■ PROBLEM DETAILS:
Each of the lines below must be retyped character for character.
-- Opening Marker --
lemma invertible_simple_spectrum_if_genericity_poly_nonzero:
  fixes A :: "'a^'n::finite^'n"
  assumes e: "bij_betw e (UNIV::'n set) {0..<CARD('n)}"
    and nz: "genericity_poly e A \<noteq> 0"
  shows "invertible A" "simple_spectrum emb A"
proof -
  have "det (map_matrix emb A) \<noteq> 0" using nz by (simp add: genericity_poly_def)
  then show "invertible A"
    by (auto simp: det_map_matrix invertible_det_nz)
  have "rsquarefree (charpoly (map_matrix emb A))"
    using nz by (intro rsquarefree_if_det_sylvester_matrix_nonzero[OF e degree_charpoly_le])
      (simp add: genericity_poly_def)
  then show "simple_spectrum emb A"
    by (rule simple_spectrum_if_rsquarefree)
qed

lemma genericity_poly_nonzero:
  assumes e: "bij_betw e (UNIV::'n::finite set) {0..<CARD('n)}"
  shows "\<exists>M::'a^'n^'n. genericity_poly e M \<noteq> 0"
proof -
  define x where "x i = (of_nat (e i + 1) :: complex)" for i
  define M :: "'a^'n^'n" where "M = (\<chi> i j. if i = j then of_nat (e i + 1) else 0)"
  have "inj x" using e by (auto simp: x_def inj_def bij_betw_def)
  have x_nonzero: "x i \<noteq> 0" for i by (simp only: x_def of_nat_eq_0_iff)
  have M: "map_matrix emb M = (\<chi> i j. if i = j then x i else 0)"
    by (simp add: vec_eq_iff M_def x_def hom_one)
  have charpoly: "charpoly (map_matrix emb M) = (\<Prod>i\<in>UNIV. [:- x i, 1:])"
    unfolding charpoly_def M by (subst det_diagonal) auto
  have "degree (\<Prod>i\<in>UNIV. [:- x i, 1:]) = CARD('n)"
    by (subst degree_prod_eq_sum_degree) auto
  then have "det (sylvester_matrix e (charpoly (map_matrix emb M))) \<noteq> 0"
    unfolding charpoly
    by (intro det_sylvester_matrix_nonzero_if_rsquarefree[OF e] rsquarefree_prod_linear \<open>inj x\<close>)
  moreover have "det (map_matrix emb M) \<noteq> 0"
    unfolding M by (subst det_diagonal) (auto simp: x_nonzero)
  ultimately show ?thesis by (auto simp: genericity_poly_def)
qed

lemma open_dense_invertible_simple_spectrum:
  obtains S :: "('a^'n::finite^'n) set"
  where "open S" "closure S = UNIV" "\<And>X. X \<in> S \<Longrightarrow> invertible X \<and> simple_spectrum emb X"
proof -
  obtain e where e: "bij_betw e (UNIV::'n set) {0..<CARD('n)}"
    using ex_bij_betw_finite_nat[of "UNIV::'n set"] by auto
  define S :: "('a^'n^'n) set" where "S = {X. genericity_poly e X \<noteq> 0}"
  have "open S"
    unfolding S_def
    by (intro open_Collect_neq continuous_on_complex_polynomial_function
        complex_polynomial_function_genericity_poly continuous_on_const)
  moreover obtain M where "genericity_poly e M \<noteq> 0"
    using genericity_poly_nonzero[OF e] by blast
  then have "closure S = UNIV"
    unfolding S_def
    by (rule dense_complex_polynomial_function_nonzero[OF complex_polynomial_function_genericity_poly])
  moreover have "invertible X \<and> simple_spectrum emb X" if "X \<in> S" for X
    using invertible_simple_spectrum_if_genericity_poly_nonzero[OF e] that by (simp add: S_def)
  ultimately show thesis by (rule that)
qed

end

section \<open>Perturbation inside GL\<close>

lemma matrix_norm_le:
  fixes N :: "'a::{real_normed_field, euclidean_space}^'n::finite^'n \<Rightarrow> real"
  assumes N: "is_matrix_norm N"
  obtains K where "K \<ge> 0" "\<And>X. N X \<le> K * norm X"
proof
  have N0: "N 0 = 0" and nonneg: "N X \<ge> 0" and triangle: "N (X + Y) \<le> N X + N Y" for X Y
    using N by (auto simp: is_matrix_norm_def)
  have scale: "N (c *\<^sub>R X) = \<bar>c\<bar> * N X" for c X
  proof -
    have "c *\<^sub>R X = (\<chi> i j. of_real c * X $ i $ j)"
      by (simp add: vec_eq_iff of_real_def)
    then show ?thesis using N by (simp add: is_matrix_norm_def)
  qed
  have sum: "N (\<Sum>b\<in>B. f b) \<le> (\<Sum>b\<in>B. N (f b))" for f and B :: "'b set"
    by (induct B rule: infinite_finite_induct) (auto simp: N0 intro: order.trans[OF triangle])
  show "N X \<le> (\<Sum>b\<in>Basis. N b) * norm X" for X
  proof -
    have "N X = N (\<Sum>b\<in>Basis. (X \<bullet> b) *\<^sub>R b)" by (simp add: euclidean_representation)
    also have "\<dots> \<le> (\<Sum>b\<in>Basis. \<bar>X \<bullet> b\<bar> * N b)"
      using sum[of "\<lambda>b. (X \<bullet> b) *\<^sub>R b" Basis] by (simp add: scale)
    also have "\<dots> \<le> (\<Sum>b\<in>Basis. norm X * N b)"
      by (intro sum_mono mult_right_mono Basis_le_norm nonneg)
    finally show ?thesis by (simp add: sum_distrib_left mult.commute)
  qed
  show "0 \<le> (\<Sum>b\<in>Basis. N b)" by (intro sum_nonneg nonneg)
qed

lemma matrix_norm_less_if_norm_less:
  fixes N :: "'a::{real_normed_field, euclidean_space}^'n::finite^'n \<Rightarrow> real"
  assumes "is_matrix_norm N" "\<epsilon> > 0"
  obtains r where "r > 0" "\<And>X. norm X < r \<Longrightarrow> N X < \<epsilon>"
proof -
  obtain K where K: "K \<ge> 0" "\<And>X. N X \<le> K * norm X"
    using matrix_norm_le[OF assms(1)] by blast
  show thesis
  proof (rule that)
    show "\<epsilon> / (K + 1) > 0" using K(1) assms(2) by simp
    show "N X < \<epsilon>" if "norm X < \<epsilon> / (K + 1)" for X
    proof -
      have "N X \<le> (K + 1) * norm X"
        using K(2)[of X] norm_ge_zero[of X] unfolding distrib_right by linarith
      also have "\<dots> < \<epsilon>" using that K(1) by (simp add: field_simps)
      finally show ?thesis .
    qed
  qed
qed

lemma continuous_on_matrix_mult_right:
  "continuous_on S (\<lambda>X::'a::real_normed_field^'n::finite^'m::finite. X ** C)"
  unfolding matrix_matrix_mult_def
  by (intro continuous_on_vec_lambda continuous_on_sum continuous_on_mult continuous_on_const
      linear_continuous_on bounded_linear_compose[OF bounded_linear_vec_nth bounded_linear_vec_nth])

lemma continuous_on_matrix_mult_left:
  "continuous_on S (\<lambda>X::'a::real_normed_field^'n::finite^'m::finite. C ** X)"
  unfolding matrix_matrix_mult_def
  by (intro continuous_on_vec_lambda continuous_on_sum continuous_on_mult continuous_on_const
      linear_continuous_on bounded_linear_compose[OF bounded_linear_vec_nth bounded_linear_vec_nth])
-- Closing Marker --
■ SOLVED EXERCISE:
lemma invertible_simple_spectrum_if_genericity_poly_nonzero:
  fixes A :: "'a^'n::finite^'n"
  assumes e: "bij_betw e (UNIV::'n set) {0..<CARD('n)}"
    and nz: "genericity_poly e A \<noteq> 0"
  shows "invertible A" "simple_spectrum emb A"
proof -
  have "det (map_matrix emb A) \<noteq> 0" using nz by (simp add: genericity_poly_def)
  then show "invertible A"
    by (auto simp: det_map_matrix invertible_det_nz)
  have "rsquarefree (charpoly (map_matrix emb A))"
    using nz by (intro rsquarefree_if_det_sylvester_matrix_nonzero[OF e degree_charpoly_le])
      (simp add: genericity_poly_def)
  then show "simple_spectrum emb A"
    by (rule simple_spectrum_if_rsquarefree)
qed

lemma genericity_poly_nonzero:
  assumes e: "bij_betw e (UNIV::'n::finite set) {0..<CARD('n)}"
  shows "\<exists>M::'a^'n^'n. genericity_poly e M \<noteq> 0"
proof -
  define x where "x i = (of_nat (e i + 1) :: complex)" for i
  define M :: "'a^'n^'n" where "M = (\<chi> i j. if i = j then of_nat (e i + 1) else 0)"
  have "inj x" using e by (auto simp: x_def inj_def bij_betw_def)
  have x_nonzero: "x i \<noteq> 0" for i by (simp only: x_def of_nat_eq_0_iff)
  have M: "map_matrix emb M = (\<chi> i j. if i = j then x i else 0)"
    by (simp add: vec_eq_iff M_def x_def hom_one)
  have charpoly: "charpoly (map_matrix emb M) = (\<Prod>i\<in>UNIV. [:- x i, 1:])"
    unfolding charpoly_def M by (subst det_diagonal) auto
  have "degree (\<Prod>i\<in>UNIV. [:- x i, 1:]) = CARD('n)"
    by (subst degree_prod_eq_sum_degree) auto
  then have "det (sylvester_matrix e (charpoly (map_matrix emb M))) \<noteq> 0"
    unfolding charpoly
    by (intro det_sylvester_matrix_nonzero_if_rsquarefree[OF e] rsquarefree_prod_linear \<open>inj x\<close>)
  moreover have "det (map_matrix emb M) \<noteq> 0"
    unfolding M by (subst det_diagonal) (auto simp: x_nonzero)
  ultimately show ?thesis by (auto simp: genericity_poly_def)
qed

lemma open_dense_invertible_simple_spectrum:
  obtains S :: "('a^'n::finite^'n) set"
  where "open S" "closure S = UNIV" "\<And>X. X \<in> S \<Longrightarrow> invertible X \<and> simple_spectrum emb X"
proof -
  obtain e where e: "bij_betw e (UNIV::'n set) {0..<CARD('n)}"
    using ex_bij_betw_finite_nat[of "UNIV::'n set"] by auto
  define S :: "('a^'n^'n) set" where "S = {X. genericity_poly e X \<noteq> 0}"
  have "open S"
    unfolding S_def
    by (intro open_Collect_neq continuous_on_complex_polynomial_function
        complex_polynomial_function_genericity_poly continuous_on_const)
  moreover obtain M where "genericity_poly e M \<noteq> 0"
    using genericity_poly_nonzero[OF e] by blast
  then have "closure S = UNIV"
    unfolding S_def
    by (rule dense_complex_polynomial_function_nonzero[OF complex_polynomial_function_genericity_poly])
  moreover have "invertible X \<and> simple_spectrum emb X" if "X \<in> S" for X
    using invertible_simple_spectrum_if_genericity_poly_nonzero[OF e] that by (simp add: S_def)
  ultimately show thesis by (rule that)
qed

end

section \<open>Perturbation inside GL\<close>

lemma matrix_norm_le:
  fixes N :: "'a::{real_normed_field, euclidean_space}^'n::finite^'n \<Rightarrow> real"
  assumes N: "is_matrix_norm N"
  obtains K where "K \<ge> 0" "\<And>X. N X \<le> K * norm X"
proof
  have N0: "N 0 = 0" and nonneg: "N X \<ge> 0" and triangle: "N (X + Y) \<le> N X + N Y" for X Y
    using N by (auto simp: is_matrix_norm_def)
  have scale: "N (c *\<^sub>R X) = \<bar>c\<bar> * N X" for c X
  proof -
    have "c *\<^sub>R X = (\<chi> i j. of_real c * X $ i $ j)"
      by (simp add: vec_eq_iff of_real_def)
    then show ?thesis using N by (simp add: is_matrix_norm_def)
  qed
  have sum: "N (\<Sum>b\<in>B. f b) \<le> (\<Sum>b\<in>B. N (f b))" for f and B :: "'b set"
    by (induct B rule: infinite_finite_induct) (auto simp: N0 intro: order.trans[OF triangle])
  show "N X \<le> (\<Sum>b\<in>Basis. N b) * norm X" for X
  proof -
    have "N X = N (\<Sum>b\<in>Basis. (X \<bullet> b) *\<^sub>R b)" by (simp add: euclidean_representation)
    also have "\<dots> \<le> (\<Sum>b\<in>Basis. \<bar>X \<bullet> b\<bar> * N b)"
      using sum[of "\<lambda>b. (X \<bullet> b) *\<^sub>R b" Basis] by (simp add: scale)
    also have "\<dots> \<le> (\<Sum>b\<in>Basis. norm X * N b)"
      by (intro sum_mono mult_right_mono Basis_le_norm nonneg)
    finally show ?thesis by (simp add: sum_distrib_left mult.commute)
  qed
  show "0 \<le> (\<Sum>b\<in>Basis. N b)" by (intro sum_nonneg nonneg)
qed

lemma matrix_norm_less_if_norm_less:
  fixes N :: "'a::{real_normed_field, euclidean_space}^'n::finite^'n \<Rightarrow> real"
  assumes "is_matrix_norm N" "\<epsilon> > 0"
  obtains r where "r > 0" "\<And>X. norm X < r \<Longrightarrow> N X < \<epsilon>"
proof -
  obtain K where K: "K \<ge> 0" "\<And>X. N X \<le> K * norm X"
    using matrix_norm_le[OF assms(1)] by blast
  show thesis
  proof (rule that)
    show "\<epsilon> / (K + 1) > 0" using K(1) assms(2) by simp
    show "N X < \<epsilon>" if "norm X < \<epsilon> / (K + 1)" for X
    proof -
      have "N X \<le> (K + 1) * norm X"
        using K(2)[of X] norm_ge_zero[of X] unfolding distrib_right by linarith
      also have "\<dots> < \<epsilon>" using that K(1) by (simp add: field_simps)
      finally show ?thesis .
    qed
  qed
qed

lemma continuous_on_matrix_mult_right:
  "continuous_on S (\<lambda>X::'a::real_normed_field^'n::finite^'m::finite. X ** C)"
  unfolding matrix_matrix_mult_def
  by (intro continuous_on_vec_lambda continuous_on_sum continuous_on_mult continuous_on_const
      linear_continuous_on bounded_linear_compose[OF bounded_linear_vec_nth bounded_linear_vec_nth])

lemma continuous_on_matrix_mult_left:
  "continuous_on S (\<lambda>X::'a::real_normed_field^'n::finite^'m::finite. C ** X)"
  unfolding matrix_matrix_mult_def
  by (intro continuous_on_vec_lambda continuous_on_sum continuous_on_mult continuous_on_const
      linear_continuous_on bounded_linear_compose[OF bounded_linear_vec_nth bounded_linear_vec_nth])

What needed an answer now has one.